(Extracted records begins)

lemma measure_frame_scale_cball:
  fixes v :: "nat \<Rightarrow> 'a::euclidean_space"
  assumes v: "orthonormal_frame v" and pos: "\<And>i. i < DIM('a) \<Longrightarrow> a i > 0"
  shows "measure lebesgue (frame_scale v a ` cball 0 1)
    = (\<Prod>i<DIM('a). a i) * measure lebesgue (cball (0::'a) 1)"
proof -
  obtain e :: "nat \<Rightarrow> 'a" where e: "bij_betw e {..<DIM('a)} Basis" and frame_e: "orthonormal_frame e"
    by (rule orthonormal_frame_Basis)
  define \<alpha> where "\<alpha> b = a (inv_into {..<DIM('a)} e b)" for b
  have \<alpha>_e: "\<alpha> (e k) = a k" if "k < DIM('a)" for k
    using that e by (simp add: \<alpha>_def bij_betw_def inv_into_f_f)
  have \<alpha>_pos: "\<alpha> b > 0" if "b \<in> Basis" for b
  proof -
    have "inv_into {..<DIM('a)} e b \<in> {..<DIM('a)}"
      using that e by (metis bij_betw_def inv_into_into)
    then show ?thesis
      using pos by (simp add: \<alpha>_def)
  qed
  have factor: "frame_scale v a x = frame_rotation e v (diag_scale \<alpha> (frame_rotation v e x))" for x
  proof (rule frame_eqI[OF v])
    fix k
    assume k: "k < DIM('a)"
    have ek: "e k \<in> Basis"
      using e k by (auto dest: bij_betw_apply)
    show "frame_scale v a x \<bullet> v k = frame_rotation e v (diag_scale \<alpha> (frame_rotation v e x)) \<bullet> v k"
      using k by (simp add: inner_frame_scale[OF v] inner_frame_rotation[OF v]
          inner_frame_rotation[OF frame_e] inner_diag_scale[OF ek] \<alpha>_e)
  qed
  have compact_image_diag_scale: "compact (diag_scale \<alpha> ` cball (0::'a) 1)"
    by (meson compact_cball compact_continuous_image linear_continuous_on linear_diag_scale linear_linear)
  have "frame_scale v a ` cball 0 1 = frame_rotation e v ` diag_scale \<alpha> ` frame_rotation v e ` cball 0 1"
    by (simp add: image_image factor)
  also have "\<dots> = frame_rotation e v ` diag_scale \<alpha> ` cball 0 1"
    by (simp add: frame_rotation_cball[OF v frame_e])
  finally have "measure lebesgue (frame_scale v a ` cball 0 1)
      = measure lebesgue (frame_rotation e v ` diag_scale \<alpha> ` cball 0 1)"
    by simp
  also have "\<dots> = measure lebesgue (diag_scale \<alpha> ` cball (0::'a) 1)"
    using measure_linear_image_compact[OF linear_frame_rotation compact_image_diag_scale]
    by (simp add: volume_factor_frame_rotation[OF frame_e v])
  also have "\<dots> = volume_factor (diag_scale \<alpha>) * measure lebesgue (cball (0::'a) 1)"
    by (rule measure_linear_image_compact[OF linear_diag_scale compact_cball])
  also have "volume_factor (diag_scale \<alpha>) = (\<Prod>i<DIM('a). a i)"
    using volume_factor_diag_scale[OF \<alpha>_pos] prod.reindex_bij_betw[OF e, of \<alpha>] by (simp add: \<alpha>_e)
  finally show ?thesis .
qed

lemma frame_weighted_sum_extremal:
  fixes v :: "nat \<Rightarrow> 'a::euclidean_space"
  assumes v: "orthonormal_frame v" and i: "i < DIM('a)"
    and sum_le: "(\<Sum>k<DIM('a). a k * (z \<bullet> v k)\<^sup>2) \<le> a i * (norm z)\<^sup>2"
    and above: "\<And>k. i < k \<Longrightarrow> k < DIM('a) \<Longrightarrow> z \<bullet> v k = 0"
    and below: "\<And>k. k < i \<Longrightarrow> a i < a k"
  shows "z = (z \<bullet> v i) *\<^sub>R v i"
proof -
  define g where "g k = (a k - a i) * (z \<bullet> v k)\<^sup>2" for k
  have g_nonneg: "g k \<ge> 0" if "k < DIM('a)" for k
    using that below[of k] above[of k] by (cases k i rule: linorder_cases) (auto simp: g_def)
  have "(\<Sum>k<DIM('a). g k) = (\<Sum>k<DIM('a). a k * (z \<bullet> v k)\<^sup>2) - a i * (norm z)\<^sup>2"
    by (simp add: g_def frame_norm_sq[OF v] algebra_simps sum_subtractf sum_distrib_left)
  with sum_le have "(\<Sum>k<DIM('a). g k) \<le> 0"
    by simp
  then have g_zero: "g k = 0" if "k < DIM('a)" for k
    using that g_nonneg sum_nonneg_eq_0_iff[of "{..<DIM('a)}" g]
    by (metis finite_lessThan lessThan_iff order_antisym sum_nonneg)
  have "z \<bullet> v k = 0" if "k < i" for k
    using g_zero[of k] that i below[of k] by (simp add: g_def)
  then show ?thesis
    using above i
    by (intro frame_eqI[OF v]) (auto simp: orthonormal_frameD[OF v] linorder_neq_iff)
qed

section \<open>The ellipsoid with semi-axes \<open>\<lambda>, \<lambda>\<^sup>2, \<dots>, \<lambda>\<^sup>d\<close>\<close>

definition ell_gauge :: "(nat \<Rightarrow> 'a::euclidean_space) \<Rightarrow> real \<Rightarrow> 'a \<Rightarrow> real" where
  "ell_gauge u lam y = (\<Sum>i<DIM('a). (y \<bullet> u i)\<^sup>2 / (lam ^ (i + 1))\<^sup>2)"

lemma ell_gauge_scaleR: "ell_gauge u lam (t *\<^sub>R y) = t\<^sup>2 * ell_gauge u lam y"
  by (simp add: ell_gauge_def sum_distrib_left power_mult_distrib)

lemma ell_gauge_uminus: "ell_gauge u lam (- y) = ell_gauge u lam y"
  using ell_gauge_scaleR[of u lam "-1" y] by simp

lemma ell_gauge_frame_vector:
  assumes u: "orthonormal_frame (u :: nat \<Rightarrow> 'a::euclidean_space)" and p: "p < DIM('a)"
  shows "ell_gauge u lam (u p) = 1 / (lam ^ (p + 1))\<^sup>2"
proof -
  have "ell_gauge u lam (u p) = (\<Sum>l<DIM('a). if l = p then 1 / (lam ^ (p + 1))\<^sup>2 else 0)"
    unfolding ell_gauge_def by (rule sum.cong) (use orthonormal_frameD[OF u p] in auto)
  also have "\<dots> = 1 / (lam ^ (p + 1))\<^sup>2"
    using p by simp
  finally show ?thesis .
qed

lemma ell_gauge_half_diff_le:
  assumes "ell_gauge u lam p \<le> 1" "ell_gauge u lam q \<le> 1"
  shows "ell_gauge u lam ((1/2) *\<^sub>R (p - q)) \<le> 1"
proof -
  have "ell_gauge u lam (p - q) \<le> 2 * (ell_gauge u lam p + ell_gauge u lam q)"
    unfolding ell_gauge_def sum_distrib_left sum.distrib[symmetric] distrib_left[symmetric]
  proof (rule sum_mono)
    fix i
    have "(a - b)\<^sup>2 \<le> 2 * (a\<^sup>2 + b\<^sup>2)" for a b :: real
      using zero_le_power2[of "a + b"] by (simp add: power2_eq_square algebra_simps)
    then have "((p - q) \<bullet> u i)\<^sup>2 \<le> 2 * ((p \<bullet> u i)\<^sup>2 + (q \<bullet> u i)\<^sup>2)"
      by (simp add: inner_diff_left)
    then show "((p - q) \<bullet> u i)\<^sup>2 / (lam ^ (i + 1))\<^sup>2
        \<le> 2 * ((p \<bullet> u i)\<^sup>2 / (lam ^ (i + 1))\<^sup>2 + (q \<bullet> u i)\<^sup>2 / (lam ^ (i + 1))\<^sup>2)"
      by (simp add: add_divide_distrib[symmetric] divide_right_mono)
  qed
  then show ?thesis
    using assms by (simp add: ell_gauge_scaleR power2_eq_square)
qed

lemma norm_sq_le_ell_gauge:
  assumes u: "orthonormal_frame (u :: nat \<Rightarrow> 'a::euclidean_space)" and lam: "1 \<le> lam"
    and zero: "\<And>l. p \<le> l \<Longrightarrow> l < DIM('a) \<Longrightarrow> y \<bullet> u l = 0"
  shows "(norm y)\<^sup>2 / (lam ^ p)\<^sup>2 \<le> ell_gauge u lam y"
proof -
  have "(norm y)\<^sup>2 / (lam ^ p)\<^sup>2 = (\<Sum>i<DIM('a). (y \<bullet> u i)\<^sup>2 / (lam ^ p)\<^sup>2)"
    by (simp add: frame_norm_sq[OF u] sum_divide_distrib)
  also have "\<dots> \<le> ell_gauge u lam y"
    unfolding ell_gauge_def
  proof (rule sum_mono)
    fix i
    assume i: "i \<in> {..<DIM('a)}"
    show "(y \<bullet> u i)\<^sup>2 / (lam ^ p)\<^sup>2 \<le> (y \<bullet> u i)\<^sup>2 / (lam ^ (i + 1))\<^sup>2"
    proof (cases "i < p")
      case True
      then have "lam ^ (i + 1) \<le> lam ^ p"
        using lam by (intro power_increasing) auto
      then show ?thesis
        using lam by (intro divide_left_mono power_mono) auto
    next
      case False
      then show ?thesis
        using zero i by simp
    qed
  qed
  finally show ?thesis .
qed

lemma ellipsoid_eq_frame_scale:
  assumes u: "orthonormal_frame (u :: nat \<Rightarrow> 'a::euclidean_space)" and lam: "0 < lam"
  shows "{y. ell_gauge u lam y \<le> 1} = frame_scale u (\<lambda>i. lam ^ (i + 1)) ` cball 0 1"
proof -
  have gauge: "ell_gauge u lam (frame_scale u (\<lambda>i. lam ^ (i + 1)) x) = (norm x)\<^sup>2" for x
    using lam by (simp add: ell_gauge_def inner_frame_scale[OF u] frame_norm_sq[OF u]
        power_mult_distrib)
  have inverse: "frame_scale u (\<lambda>i. lam ^ (i + 1)) (frame_scale u (\<lambda>i. 1 / lam ^ (i + 1)) y) = y" for y
    using lam by (simp add: frame_scale_frame_scale[OF u] frame_scale_id[OF u])
  show ?thesis
  proof (intro equalityI subsetI)
    fix y
    assume "y \<in> {y. ell_gauge u lam y \<le> 1}"
    then have "norm (frame_scale u (\<lambda>i. 1 / lam ^ (i + 1)) y) \<le> 1"
      using gauge[of "frame_scale u (\<lambda>i. 1 / lam ^ (i + 1)) y"] inverse[of y]
      by (simp add: power_le_one_iff)
    then show "y \<in> frame_scale u (\<lambda>i. lam ^ (i + 1)) ` cball 0 1"
      using inverse[of y] by force
  next
    fix y
    assume "y \<in> frame_scale u (\<lambda>i. lam ^ (i + 1)) ` cball 0 1"
    then obtain x where "norm x \<le> 1" "y = frame_scale u (\<lambda>i. lam ^ (i + 1)) x"
      by auto
    moreover have "(norm x)\<^sup>2 \<le> 1 \<longleftrightarrow> norm x \<le> 1"
      by (simp add: power_le_one_iff)
    ultimately show "y \<in> {y. ell_gauge u lam y \<le> 1}"
      using gauge[of x] by simp
  qed
qed

lemma measure_ellipsoid:
  assumes u: "orthonormal_frame (u :: nat \<Rightarrow> 'a::euclidean_space)" and lam: "0 < lam"
  shows "measure lebesgue {y. ell_gauge u lam y \<le> 1}
    = (\<Prod>i<DIM('a). lam ^ (i + 1)) * measure lebesgue (cball (0::'a) 1)"
  using lam by (simp add: ellipsoid_eq_frame_scale[OF u lam] measure_frame_scale_cball[OF u])

lemma compact_ellipsoid:
  assumes u: "orthonormal_frame (u :: nat \<Rightarrow> 'a::euclidean_space)" and lam: "0 < lam"
  shows "compact {y. ell_gauge u lam y \<le> 1}"
  unfolding ellipsoid_eq_frame_scale[OF u lam]
  by (meson compact_cball compact_continuous_image linear_continuous_on linear_frame_scale linear_linear)

lemma measure_ellipsoid_pos:
  assumes u: "orthonormal_frame (u :: nat \<Rightarrow> 'a::euclidean_space)" and lam: "0 < lam"
  shows "0 < measure lebesgue {y. ell_gauge u lam y \<le> 1}"
  using lam content_cball_pos[of 1 "0::'a"] by (simp add: measure_ellipsoid[OF u lam] prod_pos)

lemma centered_image_in_ellipsoid:
  assumes A: "linear A" and sub: "(\<lambda>x. A x + z) ` cball 0 1 \<subseteq> {y. ell_gauge u lam y \<le> 1}"
    and x: "norm x \<le> 1"
  shows "ell_gauge u lam (A x) \<le> 1"
proof -
  have "ell_gauge u lam (A x + z) \<le> 1" "ell_gauge u lam (A (- x) + z) \<le> 1"
    using subsetD[OF sub, of "A x + z"] subsetD[OF sub, of "A (- x) + z"] x by auto
  moreover have "A x = (1/2) *\<^sub>R ((A x + z) - (A (- x) + z))"
    by (simp add: linear_neg[OF A] scaleR_2[symmetric])
  ultimately show ?thesis
    by (metis ell_gauge_half_diff_le)
qed

section \<open>Spectral theorem for self-adjoint maps\<close>

lemma linear_coeff_zero_if_quadratic_nonpos:
  fixes a b :: real
  assumes "\<And>t. 2 * t * a + t\<^sup>2 * b \<le> 0" "b \<le> 0"
  shows "a = 0"
proof (rule ccontr)
  assume a: "a \<noteq> 0"
  define t where "t = a / (1 - b)"
  have pos: "1 - b > 0"
    using assms(2) by simp
  have "2 * t * a + t\<^sup>2 * b = a\<^sup>2 * (2 - b) / (1 - b)\<^sup>2"
    using pos unfolding t_def power2_eq_square by (simp add: divide_simps) (simp add: algebra_simps)
  moreover have "a\<^sup>2 * (2 - b) / (1 - b)\<^sup>2 > 0"
    using a assms(2) pos by (intro divide_pos_pos mult_pos_pos) auto
  ultimately show False
    using assms(1)[of t] by linarith
qed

(Extracted records ends)

For this exercise, copy every line of the data that holds "with".

  with sum_le have "(\<Sum>k<DIM('a). g k) \<le> 0"
section \<open>The ellipsoid with semi-axes \<open>\<lambda>, \<lambda>\<^sup>2, \<dots>, \<lambda>\<^sup>d\<close>\<close>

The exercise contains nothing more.